Salina clucked pityingly.

“Poor little one, you must not upset yourself so. Consider the child. Everything will be all right, you will see. Now, you must drink this. . . .”

She held what looked to be a solid gold goblet to Cathy’s lips. Cathy, held on either side by the eunuchs, had no choice. As she swallowed, she thought that the liquid tasted slightly bitter, like bad wine. Then the room began to spin around in sickening swirls. With a chill of horror chasing down her spine, Cathy realized that she had been drugged.

T
he next twenty-four hours were forever blurred in Cathy’s memory. Salina re-administered the drug, which she assured Cathy was only a harmless potion designed to keep her from doing herself or her child an injury, at regular intervals. Cathy slept most of the time, rousing only to eat. Salina apparently was constantly in attendance on her, bathing her and brushing her hair even as she slept. Cathy, troubled by nightmares of black dungeons and sinister men in long white robes, felt tears trickling down her cheeks.

It was during one of her brief periods of semi-wakefulness that Cathy heard a commotion in the passageway. Dulled by the drug, she didn’t even trouble to wonder at it, just noticing without concern that Salina had left her side and was listening, with her ear pressed to the door.

Cathy’s eyes were closing again as she heard as if through a thick fog the sound of the door being opened, and then Salina screaming. The shriek was abruptly cut short. Cathy, feeling vaguely alarmed, forced her heavy eyelids to open. She thought the dark face bending over her was merely a figment of her dreams, but she smiled drowsily at it anyway.

“Cathy, wake up!
” a voice commanded harshly, and a hurting hand grasped her arm and shook it. Cathy blinked as her head lolled limply back and forth. If she didn’t know better, she’d think that this too-rough vision really was Jon. . . .

“Jon . . . ?” she murmured testingly, and squinted as his face came into focus.

“Good God, they’ve drugged her,” she heard him mutter furiously, and then he was bending over her. She felt his hard arms slide around her and lift her carefully. Then it seemed as if he was carrying her away, down through the labyrinthine rooms and passages of the palace. As if in a dream Cathy saw the prone figure of Salina lying just inside the door of the room where she had been imprisoned, and, a little further down the hall, the sprawled and bloodied bodies of the eunuchs Ahmad and Radi. But her head was too fuzzy to give these visions any credence. It was not until the bitterly cold night air hit her face that Cathy began to realize that Jon had, miraculously, found and freed her.

“How—how . . . ?” she stuttered, as he lifted her up onto a horse and then mounted swiftly behind her.

“So you’re waking up, are you, Sleeping Beauty?” he sounded grimly amused. “God, you’ve given me the worst twenty-four hours of my life! But we don’t have time to talk now. I’ll tell you all about it when we’re safely away.”

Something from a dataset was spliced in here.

(* Let $F$ satisfy Assumption (A) and be of class AHa, with $k\mapsto F(\mathbf{x},k)$ in $L^1(\mathbb{R})$ for each $\mathbf{x}$ and $\mathbf{x}\mapsto\mathcal{F}_k[F(\mathbf{x},k)](1)$ in $L^1(\mathbb{R}^d)$. Then: (i) The solution $T^F$ of the spanning problem is of function type: $T^F(\varphi)=\int_{\mathbb{R}^d}\varphi(\mathbf{w})f(\mathbf{w})d\mathbf{w}$ for all $\varphi\in\mathcal{S}_e$, where $f(\mathbf{w})=-\frac12\mathcal{F}^{-1}_{\mathbf{x}}\big[\mathcal{F}_k[F(\mathbf{x},k)](1)\big](\mathbf{w})$. (ii) If $F(\mathbf{x},k)$ is $n$ times continuously differentiable in $k$ and $\partial_k^jF(\mathbf{x},\cdot)\in L^1(\mathbb{R})$ for $j\le n$, then $f(\mathbf{w})=-\frac12\mathcal{F}^{-1}_{\mathbf{x}}\big[\mathcal{F}_k[(-i)^n\partial^n_{k}F(\mathbf{x},k)](1)\big](\mathbf{w})$; in particular for $n=2$, $f(\mathbf{w})=\frac12\mathcal{F}^{-1}_{\mathbf{x}}\big[\mathcal{F}_k[\partial^2_{k}F(\mathbf{x},k)](1)\big](\mathbf{w})$. (iii) If $\partial_kF$ and $\partial^2_kF$ exist and are in $L^1(\mathbb{R})$ in $k$, and $\frac12\partial^2_kF(\mathbf{x},k)=\mathcal{R}g(\mathbf{x},k)$ for some $g\in L^1(\mathbb{R}^d)$, then $f=g$ almost everywhere.
   Context: Fix $d\ge1$. Fourier transform $\mathcal{F}f(\mathbf{z})=\int f(\mathbf{s})e^{-i\mathbf{z}\cdot\mathbf{s}}d\mathbf{s}$, inverse $\mathcal{F}^{-1}f(\mathbf{s})=(2\pi)^{-q}\int f(\mathbf{z})e^{i\mathbf{s}\cdot\mathbf{z}}d\mathbf{z}$ on $\mathbb{R}^q$; subscripts indicate the variable transformed. $\mathcal{S}(\mathbb{R}^d)$ is the Schwartz space, $\mathcal{S}_e$ its subspace of even functions. Assumption (A): $F:\mathbb{R}^d\times\mathbb{R}\to\mathbb{R}$ is continuous in $\mathbf{x}$ for each $k$ and in $k$ for each $\mathbf{x}$, and $\int\int|F(\mathbf{x},k)h(\mathbf{x})|dk\,d\mathbf{x}<\infty$ for all $h\in\mathcal{S}(\mathbb{R}^d)$. $F$ is of class AHa if $F(\lambda\mathbf{x},\lambda k)=|\lambda|F(\mathbf{x},k)$ for $\lambda\ne0$ and $F(\mathbf{x},k)=F(\mathbf{x},-k)=F(-\mathbf{x},k)$. $T^F$ is the linear form on $\mathcal{S}_e$: $T^F(\varphi)=-\frac12\int_{\mathbb{R}^d}\mathcal{F}^{-1}\varphi(\mathbf{x})\big(\int_{\mathbb{R}}F(\mathbf{x},k)e^{-ik}dk\big)d\mathbf{x}$; for $F$ of class AHa it is the unique solution $T$ of the spanning problem (find $T$ on $\mathcal{S}_e$ such that $N(\varphi-\varphi(\mathbf0)):=T(\varphi)$ satisfies $\int\int F\theta_0=N(\mathbf{w}\mapsto\int\int(|\mathbf{w}\cdot\mathbf{x}|-|k|)^+\theta_0\,dk\,d\mathbf{x})$ for all $\theta_0(\mathbf{x},k)=e^{-irk}h(\mathbf{x})$, $r\ne0$, $h\in\mathcal{S}(\mathbb{R}^d)$). Radon transform: for $g\in L^1(\mathbb{R}^d)$, $\mathcal{R}g(\mathbf{0},k)=0$ and for $\mathbf{x}\ne\mathbf0$, $\mathcal{R}g(\mathbf{x},k)=\frac{1}{|x_j|}\int_{\mathbb{R}^{d-1}}g\big(y_1,\dots,y_{j-1},\frac{k-\sum_{i\ne j}x_iy_i}{x_j},y_{j+1},\dots,y_d\big)\prod_{i\neq j}dy_i$ for any $j$ with $x_j\ne0$ (independent of this choice). *)

theory Defs
  imports "HOL-Analysis.Analysis"
begin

He spurred the horse to a gallop as he spoke, one hand on the reins and the other holding Cathy firmly before him. She rested tiredly back against the iron wall of his chest, still too much under the influence of the drug to do more than feel vaguely thankful for her deliverance. As they clattered down onto the dock, and Jon leapt from the saddle and then reached up to swing her once again into his arms, Cathy saw to her puzzlement that the sky above the northern side of the Sheikh’s palace seemed curiously alight.

“Look. . . .” she told Jon bemusedly, lifting her arm and pointing at the strange orangey glow. Jon laughed harshly.

“I fear the
Sheikh’s palace is burning, my love, and if we don’t get the hell out of here we may soon burn with it,” he told her, striding along the dock to where a small boat waited. O’Reilly was in the boat, and Jon handed Cathy to him before jumping in himself.